Сад лжи. Книга первая - Гудж Эйлин (читать книги онлайн полные версии .TXT) 📗
К тому лету, имея за плечами год Принстона, Дэвид научился кое-чему, чего не знал раньше. Например, как надо одеваться, чтобы никто не догадался, что ты всего-навсего бедный поляк из Джерси, старающийся произвести впечатление на богатых. Он взял с собой только выцветшие „ливайсы" — джинсы, которые обтягивали его, словно вторая кожа; пару замызганных спортивных туфель; две простые белые рубашки и кашемировый джемпер, оставленный за ненадобностью одним из богатых парней прошлым летом на таком же курорте, как этот. Так что когда он снимал униформу и появлялся в своей одежде, его вполне можно было принять за одного из отдыхающих.

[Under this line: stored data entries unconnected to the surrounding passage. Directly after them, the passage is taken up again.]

(* Consider one group of $p'$ PEs holding locally sorted string arrays with concatenation $S'$, partitioned into $r$ buckets using character-based regular sampling with sampling factor $v>0$. Then every bucket $B^j$ contains at most $\bigl(1+\frac rv\bigr)\frac{\|S'\|}{r}+\bigl(1+\frac{v+1}{r}\bigr)p'\hat{\ell}$ characters.
   Context: $\hat{\ell}$ is the length of the longest string and $\|X\|$ the number of characters of a set of strings $X$; $r$ divides $p'$. Character-based regular sampling with factor $v$: with $\omega'=\|S'\|/(p'(v+1))$, PE $i$ (holding sorted array $S_i'$) draws $\lceil\|S_i'\|/\omega'\rceil-1$ equally spaced positions in its character array, shifts each position by at most $\hat{\ell}-1$ to the beginning of the string containing it, and takes these strings as samples; if fewer than $p'(v+1)$ samples result, the first PEs draw one additional sample each. The samples $V$ are sorted and splitters $f_j=V[j|V|/r-1]$ for $0<j<r$ are chosen, $f_0=-\infty$, $f_r=\infty$. Buckets are $B^j=\bigcup_i\{s\in S_i':f_j<s\le f_{j+1}\}$. *)

theory Defs
  imports Complex_Main "HOL-Library.List_Lexorder"
begin

text \<open>Strings are lists over a linearly ordered alphabet, compared lexicographically
  (List_Lexorder). A PE's local array is a list of strings.\<close>

definition chars :: "'a list list \<Rightarrow> nat" where
  "chars X = sum_list (map length X)"

definition maxlen :: "'a list list \<Rightarrow> nat" where
  "maxlen X = Max (insert 0 (set (map length X)))"

fun str_at :: "'a list list \<Rightarrow> nat \<Rightarrow> 'a list" where
  "str_at [] n = []"
| "str_at (s # ss) n = (if n < length s then s else str_at ss (n - length s))"

definition concat_all :: "nat \<Rightarrow> (nat \<Rightarrow> 'a list list) \<Rightarrow> 'a list list" where
  "concat_all p S = concat (map S [0..<p])"

definition omega :: "nat \<Rightarrow> nat \<Rightarrow> (nat \<Rightarrow> 'a list list) \<Rightarrow> real" where
  "omega p v S = real (chars (concat_all p S)) / (real p * (real v + 1))"

definition num_reg :: "real \<Rightarrow> 'a list list \<Rightarrow> nat" where
  "num_reg w Si = nat (\<lceil>real (chars Si) / w\<rceil> - 1)"

text \<open>Regular samples of one PE: positions floor(m * omega') for m = 1 .. ceil(||S_i||/omega') - 1,
  each shifted to the beginning of the string containing it.\<close>
definition reg_samples :: "real \<Rightarrow> 'a list list \<Rightarrow> 'a list list" where
  "reg_samples w Si = map (\<lambda>m. str_at Si (nat \<lfloor>real m * w\<rfloor>)) [1..<num_reg w Si + 1]"

definition all_reg_samples :: "nat \<Rightarrow> nat \<Rightarrow> (nat \<Rightarrow> 'a list list) \<Rightarrow> 'a list list" where
  "all_reg_samples p v S = concat (map (\<lambda>i. reg_samples (omega p v S) (S i)) [0..<p])"

text \<open>Number of PEs (the first ones) drawing one additional sample.\<close>
definition num_extra :: "nat \<Rightarrow> nat \<Rightarrow> (nat \<Rightarrow> 'a list list) \<Rightarrow> nat" where
  "num_extra p v S = min (p * (v + 1) - length (all_reg_samples p v S)) p"

text \<open>The sorted sample array V; extra i is the additional sample of PE i.\<close>
definition samples :: "nat \<Rightarrow> nat \<Rightarrow> (nat \<Rightarrow> 'a::linorder list list) \<Rightarrow> (nat \<Rightarrow> 'a list)
    \<Rightarrow> 'a list list" where
  "samples p v S extra =
     sort (all_reg_samples p v S @ map extra [0..<num_extra p v S])"

text \<open>Membership in bucket j: f_j < s <= f_(j+1) with f_j = V[j |V|/r - 1],
  f_0 = -infinity, f_r = +infinity.\<close>
definition in_bucket :: "'a::linorder list list \<Rightarrow> nat \<Rightarrow> nat \<Rightarrow> 'a list \<Rightarrow> bool" where
  "in_bucket V r j s =
     ((0 < j \<longrightarrow> V ! (j * (length V div r) - 1) < s) \<and>
      (j + 1 < r \<longrightarrow> s \<le> V ! ((j + 1) * (length V div r) - 1)))"

definition bucket_chars :: "nat \<Rightarrow> nat \<Rightarrow> nat \<Rightarrow> (nat \<Rightarrow> 'a::linorder list list)
    \<Rightarrow> (nat \<Rightarrow> 'a list) \<Rightarrow> nat \<Rightarrow> nat" where
  "bucket_chars p v r S extra j =
     (\<Sum>i<p. chars (filter (in_bucket (samples p v S extra) r j) (S i)))"

end

theory Submission
  imports Defs
begin

(* Split bucket j into its interior f_j < s < f_(j+1) and the upper splitter f_(j+1). The strings
   are distinct, so the splitter contributes a single string of at most maxlen S' characters.
   The interior is order-convex, so on each PE its strings occupy one contiguous block of the
   character array, and every full stride of length omega' inside that block contains a sampling
   position whose sample lies in the interior: a PE with k_i interior samples holds at most
   (k_i + 1) omega' interior characters. Exactly p'(v+1) samples are drawn, so the interior
   samples lie strictly between V[jd-1] and V[(j+1)d-1] with d = p'(v+1)/r, whence sum k_i <= d.
   The interior thus has at most (d + p') omega' = ||S'||/r + ||S'||/(v+1) characters, so the
   bound holds even with a single maxlen S' in place of the term (1 + (v+1)/r) p' maxlen S'. *)

lemma chars_Nil [simp]: "chars [] = 0"
  by (simp add: chars_def)

lemma chars_Cons [simp]: "chars (s # ss) = length s + chars ss"
  by (simp add: chars_def)

lemma chars_append [simp]: "chars (xs @ ys) = chars xs + chars ys"
  by (simp add: chars_def)

lemma chars_filter_le: "chars (filter P xs) \<le> chars xs"
  by (induction xs) auto

lemma chars_filter_le_add:
  assumes "\<And>s. P s \<Longrightarrow> Q s \<or> R s"
  shows "chars (filter P xs) \<le> chars (filter Q xs) + chars (filter R xs)"
  using assms by (induction xs) auto

lemma chars_filter_eq_le_maxlen:
  assumes "distinct xs"
  shows "chars (filter (\<lambda>s. s = t) xs) \<le> maxlen xs"
proof (cases "t \<in> set xs")
  case True
  then have "filter (\<lambda>s. s = t) xs = [t]"
    using assms by (induction xs) (auto simp: filter_empty_conv)
  moreover have "length t \<le> maxlen xs"
    using True by (simp add: maxlen_def)
  ultimately show ?thesis by simp
next
  case False
  then have "filter (\<lambda>s. s = t) xs = []" by (auto simp: filter_empty_conv)
  then show ?thesis by simp
qed

lemma chars_concat_all: "chars (concat_all p S) = (\<Sum>i<p. chars (S i))"
  by (induction p) (simp_all add: concat_all_def)

lemma chars_concat_all_pos_imp_pos: "0 < chars (concat_all p S) \<Longrightarrow> 0 < p"
  by (cases "p = 0") (simp_all add: chars_concat_all)

lemma filter_concat_all: "filter P (concat_all p S) = concat_all p (\<lambda>i. filter P (S i))"
  by (simp add: concat_all_def filter_concat o_def)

Аманда, должно быть, именно так и думала… по крайней мере вначале.
Дэвид вспомнил об этом со сладким щемящим чувством, беря сдачу и пробегая глазами первополосные заголовки. В глаза ему бросился один из них: „АСТРОНАВТЫ БЛАГОПОЛУЧНО ПРИЗЕМЛИЛИСЬ ПОСЛЕ ОБЛЕТА ЛУНЫ". Читать дальше ему, однако, не захотелось.
Он вспомнил бельведер с видом на газон за главным зданием. Здесь обычно собиралась по вечерам молодежь: ребята курили и быстро пьянели от полпинты „Джек Дениэлс" и „Сазерн камфорт". Дэвид несколько раз бывал там, и однажды Аманда пригласила его сесть рядом. Когда бутылка по кругу перешла к нему, он только сделал вид, что пьет, — Господи Иисусе, с него было достаточно этой отравы дома, у папаши. И держаться он старался как можно незаметнее. Пусть уж лучше считают его скромнягой, чем перепить и оказаться в их глазах дураком.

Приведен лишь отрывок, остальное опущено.